Item 8.01 Other Events
On September 6, 2019, the Board of Directors (the “Board”) of Parker Drilling Company, a Delaware corporation (the “Company”), upon the recommendation of the Finance and Strategic Planning Committee of the Board (the “Committee”), which consists solely of independent directors, approved a 1-for-100 reverse stock split of the Company’s common stock (the “Reverse Stock Split”), which will be followed immediately by a 100-for-1 forward stock split of the Company’s common stock (the “Forward Stock Split” and, together with the Reverse Stock Split, the “Stock Splits”) as part of a plan to (i) cease the registration of the Company’s common stock under Section 12 of the Securities Exchange Act of 1934, as amended (the “Exchange Act”), (ii) delist its shares of common stock from the New York Stock Exchange and (iii) suspend the Company’s duty to file periodic reports and other information with the Securities and Exchange Commission (the “SEC”) under Section 15(d) of the Exchange Act (collectively, the “Transaction”). The proposed Stock Splits are subject to obtaining the requisite approval of the Company’s stockholders at a Special Meeting of Stockholders to be held for that purpose, which is currently expected to occur later this year.

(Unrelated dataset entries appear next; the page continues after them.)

lemma sum_geo_nll_le_at_larger_beta:
  fixes s :: "nat \<Rightarrow> nat" and a :: "nat \<Rightarrow> real" and x y :: real
  assumes a: "\<And>i. i < n \<Longrightarrow> 0 \<le> a i \<and> a i \<le> 1"
    and xy: "0 < x" "x < y" "y < 1" and m: "real n * y \<le> (\<Sum>i<n. real (s i)) * (1 - y)"
  shows "(\<Sum>i<n. geo_nll (s i) y (a i)) \<le> (\<Sum>i<n. geo_nll (s i) x (a i))"
proof -
  define m where "m = (\<Sum>i<n. real (s i))"
  define G where "G i = ln (1 - x * a i) - ln (1 - y * a i)" for i
  have diff: "geo_nll (s i) y (a i) - geo_nll (s i) x (a i) = G i + real (s i) * (ln x - ln y)" for i
    by (simp add: geo_nll_def G_def algebra_simps)
  have G_le: "G i \<le> (y - x) / (1 - y)" if "i < n" for i
  proof -
    have "y * a i \<le> y" "x * a i \<le> x" using a[OF that] xy by (simp_all add: mult_left_le)
    then have p: "0 < 1 - y * a i" "0 < 1 - x * a i" "1 - y \<le> 1 - y * a i" using xy by linarith+
    have "G i \<le> (1 - x * a i) / (1 - y * a i) - 1" unfolding G_def using p by (intro ln_diff_le) auto
    also have "\<dots> = ((y - x) * a i) / (1 - y * a i)" using p by (simp add: field_simps)
    also have "\<dots> \<le> (y - x) / (1 - y)"
      using a[OF that] xy p by (intro frac_le) (auto simp: mult_left_le)
    finally show ?thesis .
  qed
  have G_sum: "(\<Sum>i<n. G i) \<le> real n * ((y - x) / (1 - y))"
    using sum_mono[of "{..<n}" G "\<lambda>_. (y - x) / (1 - y)"] G_le by simp
  have m_nonneg: "m \<ge> 0" unfolding m_def by (simp add: sum_nonneg)
  have ln_le: "ln x - ln y \<le> x / y - 1" using xy by (intro ln_diff_le) auto
  have s_sum: "(\<Sum>i<n. real (s i) * (ln x - ln y)) = m * (ln x - ln y)"
    unfolding m_def by (simp add: sum_distrib_right)
  have "m * (ln x - ln y) \<le> m * (x/y - 1)" using ln_le m_nonneg by (simp add: mult_left_mono)
  moreover have "real n * ((y - x) / (1 - y)) + m * (x/y - 1) \<le> 0"
  proof -
    have eq: "real n * ((y - x) / (1 - y)) + m * (x/y - 1) = (y - x) * (real n * y - m * (1 - y)) / (y * (1 - y))"
      using xy by (simp add: field_simps)
    have "(y - x) * (real n * y - m * (1 - y)) \<le> 0" using xy m unfolding m_def[symmetric]
      by (intro mult_nonneg_nonpos) auto
    then show ?thesis unfolding eq using xy by (simp add: divide_nonpos_pos)
  qed
  ultimately have "(\<Sum>i<n. geo_nll (s i) y (a i) - geo_nll (s i) x (a i)) \<le> 0"
    unfolding diff sum.distrib s_sum using G_sum by linarith
  then show ?thesis by (simp add: sum_subtractf)
qed

lemma ln_one_minus_rate_diff_le:
  fixes \<alpha> \<eta> \<beta> :: real
  assumes \<alpha>: "0 \<le> \<alpha>" "\<alpha> \<le> \<eta>" and \<eta>: "\<eta> \<le> 1 / 2" and \<beta>: "0 < \<beta>" "\<beta> < 1"
  shows "ln (1 - \<beta> * \<alpha> ^ l) - ln (1 - \<beta> * \<eta> ^ l) \<le> (\<eta> - \<alpha>) / (1 - \<eta>)"
proof (cases l)
  case 0
  then show ?thesis using assms by simp
next
  case (Suc q)
  have "\<eta> ^ l \<le> \<eta>" using Suc \<alpha> \<eta> by (simp add: mult_left_le power_le_one)
  moreover have powers: "\<alpha> ^ l \<le> \<eta> ^ l" using \<alpha> by (intro power_mono) auto
  moreover have "\<beta> * \<eta> ^ l \<le> \<eta> ^ l" "\<beta> * \<alpha> ^ l \<le> \<alpha> ^ l"
    using \<alpha> \<beta> by (simp_all add: mult_left_le_one_le)
  ultimately have pos: "0 < 1 - \<beta> * \<eta> ^ l" "0 < 1 - \<beta> * \<alpha> ^ l" "1 - \<eta> \<le> 1 - \<beta> * \<eta> ^ l"
    using \<eta> by linarith+
  have "ln (1 - \<beta> * \<alpha> ^ l) - ln (1 - \<beta> * \<eta> ^ l) \<le> (1 - \<beta> * \<alpha> ^ l) / (1 - \<beta> * \<eta> ^ l) - 1"
    using pos by (intro ln_diff_le) auto
  also have "\<dots> = \<beta> * (\<eta> ^ l - \<alpha> ^ l) / (1 - \<beta> * \<eta> ^ l)"
    using pos by (simp add: field_simps)
  also have "\<dots> \<le> (\<eta> ^ l - \<alpha> ^ l) / (1 - \<eta>)"
    using \<beta> powers pos \<eta> by (intro frac_le) (auto simp: mult_left_le_one_le)
  also have "\<dots> \<le> (\<eta> - \<alpha>) / (1 - \<eta>)"
    unfolding Suc using power_diff_le_diff[of \<alpha> \<eta> q] \<alpha> \<eta> by (intro divide_right_mono) auto
  finally show ?thesis .
qed

lemma alpha_min_gap_le:
  fixes \<alpha> \<eta> :: real and n k :: nat
  assumes nk: "1 \<le> n" "1 \<le> k" and \<eta>: "\<eta> = 1 / (1 + real n * real k)" and \<alpha>: "0 < \<alpha>" "\<alpha> < \<eta>"
  shows "real n * ((\<eta> - \<alpha>) / (1 - \<eta>)) \<le> ln \<eta> - ln \<alpha>"
proof -
  define M where "M = real n * real k"
  define t where "t = \<alpha> / \<eta>"
  have M: "1 \<le> M" using nk mult_mono[of 1 "real n" 1 "real k"] unfolding M_def by simp
  have \<eta>M: "\<eta> = 1 / (1 + M)" unfolding \<eta> M_def ..
  have t: "0 < t" "t < 1" using \<alpha> unfolding t_def by simp_all
  have "1 - \<eta> = M / (1 + M)" "\<eta> - \<alpha> = (1 - t) / (1 + M)"
    unfolding t_def \<eta>M using M by (simp_all add: field_simps)
  then have "(\<eta> - \<alpha>) / (1 - \<eta>) = (1 - t) / M" using M by simp
  then have "real n * ((\<eta> - \<alpha>) / (1 - \<eta>)) = (1 - t) / real k"
    unfolding M_def using nk by (simp add: field_simps)
  also have "\<dots> \<le> 1 - t" using t nk by (simp add: divide_le_eq)
  also have "\<dots> \<le> - ln t" using ln_le_minus_one[of t] t by linarith
  also have "\<dots> = ln \<eta> - ln \<alpha>" unfolding t_def using \<alpha> by (simp add: ln_div)
  finally show ?thesis .
qed

text \<open>Raising alpha to alpha_min costs at most n (alpha_min - alpha)/(1 - alpha_min) in the
  terms -ln(1 - beta alpha^l), which is paid for by the gain ln alpha_min - ln alpha of a single
  term with s > 0 and l > 0.\<close>

lemma sum_geo_nll_le_at_alpha_min:
  fixes s l :: "nat \<Rightarrow> nat" and \<alpha> \<beta> :: real and k n :: nat
  assumes nk: "1 \<le> n" "1 \<le> k" and \<alpha>: "0 < \<alpha>" "\<alpha> < 1 / (1 + real n * real k)"
    and \<beta>: "0 < \<beta>" "\<beta> < 1" and j: "j < n" "0 < s j" "0 < l j"
  shows "(\<Sum>i<n. geo_nll (s i) \<beta> ((1 / (1 + real n * real k)) ^ l i))
    \<le> (\<Sum>i<n. geo_nll (s i) \<beta> (\<alpha> ^ l i))"
proof -
  define \<eta> where "\<eta> = 1 / (1 + real n * real k)"
  define D where "D = ln \<eta> - ln \<alpha>"
  define E where "E = (\<eta> - \<alpha>) / (1 - \<eta>)"
  have "1 \<le> real n * real k" using nk mult_mono[of 1 "real n" 1 "real k"] by simp
  then have \<eta>: "0 < \<eta>" "\<eta> \<le> 1 / 2" "\<alpha> < \<eta>" using \<alpha> unfolding \<eta>_def by (auto simp: field_simps)
  then have "0 < D" unfolding D_def using \<alpha> by simp
  have per_term: "geo_nll (s i) \<beta> (\<eta> ^ l i) \<le> geo_nll (s i) \<beta> (\<alpha> ^ l i) + E - real (s i) * real (l i) * D"
    for i
    using ln_one_minus_rate_diff_le[of \<alpha> \<eta> \<beta> "l i"] \<alpha> \<eta> \<beta>
    by (simp add: geo_nll_def D_def E_def ln_realpow algebra_simps)
  have "D \<le> real (s j) * real (l j) * D"
    using j \<open>0 < D\<close> mult_mono[of 1 "real (s j)" 1 "real (l j)"] by simp
  also have "\<dots> \<le> (\<Sum>i<n. real (s i) * real (l i) * D)"
    using j \<open>0 < D\<close> by (intro member_le_sum) auto
  finally have gain: "D \<le> (\<Sum>i<n. real (s i) * real (l i) * D)" .
  have "real n * E \<le> D"
    unfolding D_def E_def using alpha_min_gap_le[OF nk \<eta>_def \<alpha>(1) \<eta>(3)] .
  have "(\<Sum>i<n. geo_nll (s i) \<beta> (\<eta> ^ l i))
      \<le> (\<Sum>i<n. geo_nll (s i) \<beta> (\<alpha> ^ l i) + E - real (s i) * real (l i) * D)"
    by (rule sum_mono) (rule per_term)
  also have "\<dots> \<le> (\<Sum>i<n. geo_nll (s i) \<beta> (\<alpha> ^ l i))"
    using gain \<open>real n * E \<le> D\<close> by (simp add: sum.distrib sum_subtractf)
  finally show ?thesis unfolding \<eta>_def .
qed

lemma geo_nll_le_approx:
  fixes tb b ta a \<epsilon> :: real
  assumes b: "0 < tb" "tb \<le> b" "b < 1" "- ln tb \<le> (1 + \<epsilon>) * - ln b"
    and a: "0 \<le> ta" "ta \<le> a" "a < 1" "0 < a \<Longrightarrow> 0 < ta \<and> - ln ta \<le> (1 + \<epsilon>) * - ln a"
    and \<epsilon>: "0 < \<epsilon>"
  shows "geo_nll s tb (ta ^ l) \<le> (1 + \<epsilon>) * geo_nll s b (a ^ l)"
proof -
  have "b * a ^ l \<le> b" using a b by (simp add: mult_left_le power_le_one)
  then have pos: "0 < 1 - b * a ^ l" using b by linarith
  have "tb * ta ^ l \<le> b * a ^ l" using a b by (intro mult_mono power_mono) auto
  moreover have "0 \<le> tb * ta ^ l" using a b by simp
  ultimately have rate: "- ln (1 - tb * ta ^ l) \<le> - ln (1 - b * a ^ l)" using pos by simp
  have "0 \<le> - ln (1 - b * a ^ l)" using a b pos by simp
  then have rate_nonneg: "0 \<le> \<epsilon> * - ln (1 - b * a ^ l)" using \<epsilon> by (intro mult_nonneg_nonneg) auto
  have beta: "- real s * ln tb \<le> (1 + \<epsilon>) * (- real s * ln b)"
    using mult_left_mono[OF b(4), of "real s"] by (simp add: algebra_simps)
  have alpha: "- real s * ln (ta ^ l) \<le> (1 + \<epsilon>) * (- real s * ln (a ^ l))"
  proof (cases "a = 0")
    case True
    then show ?thesis using a by (cases l) simp_all
  next
    case False
    then have ta: "0 < ta" "- ln ta \<le> (1 + \<epsilon>) * - ln a" and "0 < a" using a by auto
    have "real s * real l * - ln ta \<le> real s * real l * ((1 + \<epsilon>) * - ln a)"
      using ta by (intro mult_left_mono) auto
    then show ?thesis using ta \<open>0 < a\<close> by (simp add: ln_realpow algebra_simps)
  qed
  show ?thesis
    unfolding geo_nll_def using rate rate_nonneg beta alpha by (simp add: algebra_simps)
qed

As a result of the Stock Splits, stockholders owning fewer than 100 shares of common stock at the effective time of the Stock Splits would receive $30.00 in cash, without interest, for each pre-split share of common stock held by them at the effective time of the Stock Splits, and thereafter they would no longer be stockholders of the Company. Stockholders owning 100 or more shares at the effective time of the Stock Splits (“Continuing Stockholders”) would not be entitled to receive any cash for their fractional share interests resulting from the Stock Splits, if any. The Forward Stock Split, which would immediately follow the Reverse Stock Split, would reconvert whole shares and fractional share interests held by the Continuing Stockholders back into the same number of shares of the Company’s common stock held by such Continuing Stockholders immediately before the effective time of the Stock Splits. As a result of the Forward Stock Split, the total number of shares of the Company’s common stock held by a Continuing Stockholder would not change as a result of the Stock Splits. The Company estimates that approximately 37,446 shares of the Company’s common stock (or less than approximately 0.2% of the shares of common stock currently outstanding) would be cashed out in the Stock Splits and the aggregate cost to the Company of the Stock Splits would be approximately $1.1 million, plus transaction expenses, which are estimated to be approximately $0.8 million, all of which the Company intends to fund using cash-on-hand.
Each of the proposed Stock Splits will be submitted to a vote of the Company’s stockholders at a Special Meeting of Stockholders to be called for that purpose. Approval of the Stock Splits requires the affirmative vote of a majority of the outstanding shares of the Company’s common stock entitled to vote at the Special Meeting of Stockholders. As of September 5, 2019, the Company’s (i) directors and executive officers and (ii) 10% shareholders, which consist of Värde Partners, Inc. and Brigade Capital Management, LP, have indicated that they intend to vote all their shares (17,231 and 9,317,302 shares, respectively) in favor of the Stock Splits. The combined holdings of the Company’s (i) directors and executive officers and (ii) 10% stockholders comprise approximately 0.1% and 61.9% of the Company’s outstanding shares, respectively.
The terms of the Stock Splits and information about the overall Transaction will be set forth in the preliminary proxy statement and a transaction statement on Schedule 13E-3 filed by the Company outlining the Transaction. The Transaction may be considered a “going private” transaction as defined in Rule 13e-3 promulgated under the Exchange Act, as it is part of a plan to terminate the registration of the Company’s common stock under Sections 12(b) and 12(g) of the Exchange Act and suspend the Company’s duty to file periodic reports and other information with the SEC under Section 15(d) thereunder, and to delist the Company’s common stock from the New York Stock Exchange.
The Company intends to treat persons who hold shares of its common stock in “street name” through a bank, broker or other nominee in the same manner as persons who hold shares of its common stock in their own names. Banks, brokers or other nominees will be instructed to effect the Transaction for their customers holding the Company’s common stock in “street name.” However, these banks, brokers or other nominees may have different procedures than registered stockholders for processing the Transaction and making payments for fractional shares. If you hold shares of the Company’s common stock with a bank, broker or other nominee and have any questions in this regard, the Company encourages you to contact your bank, broker or other nominee.
The Board may abandon the Stock Splits at any time prior to the filing and effectiveness of the applicable amendments to the Company’s certificate of incorporation, even after stockholder approval, if the Board determines in its business judgment that the Stock Splits or the overall Transaction is no longer in the best interests of the Company or its stockholders.
On September 10, 2019, the Company issued a press release announcing the Transaction, a letter to its employees, and answers to Frequently Asked Questions relating to the Transaction, which are attached hereto as Exhibits 99.1, 99.2 and 99.3, respectively, and are incorporated by reference herein.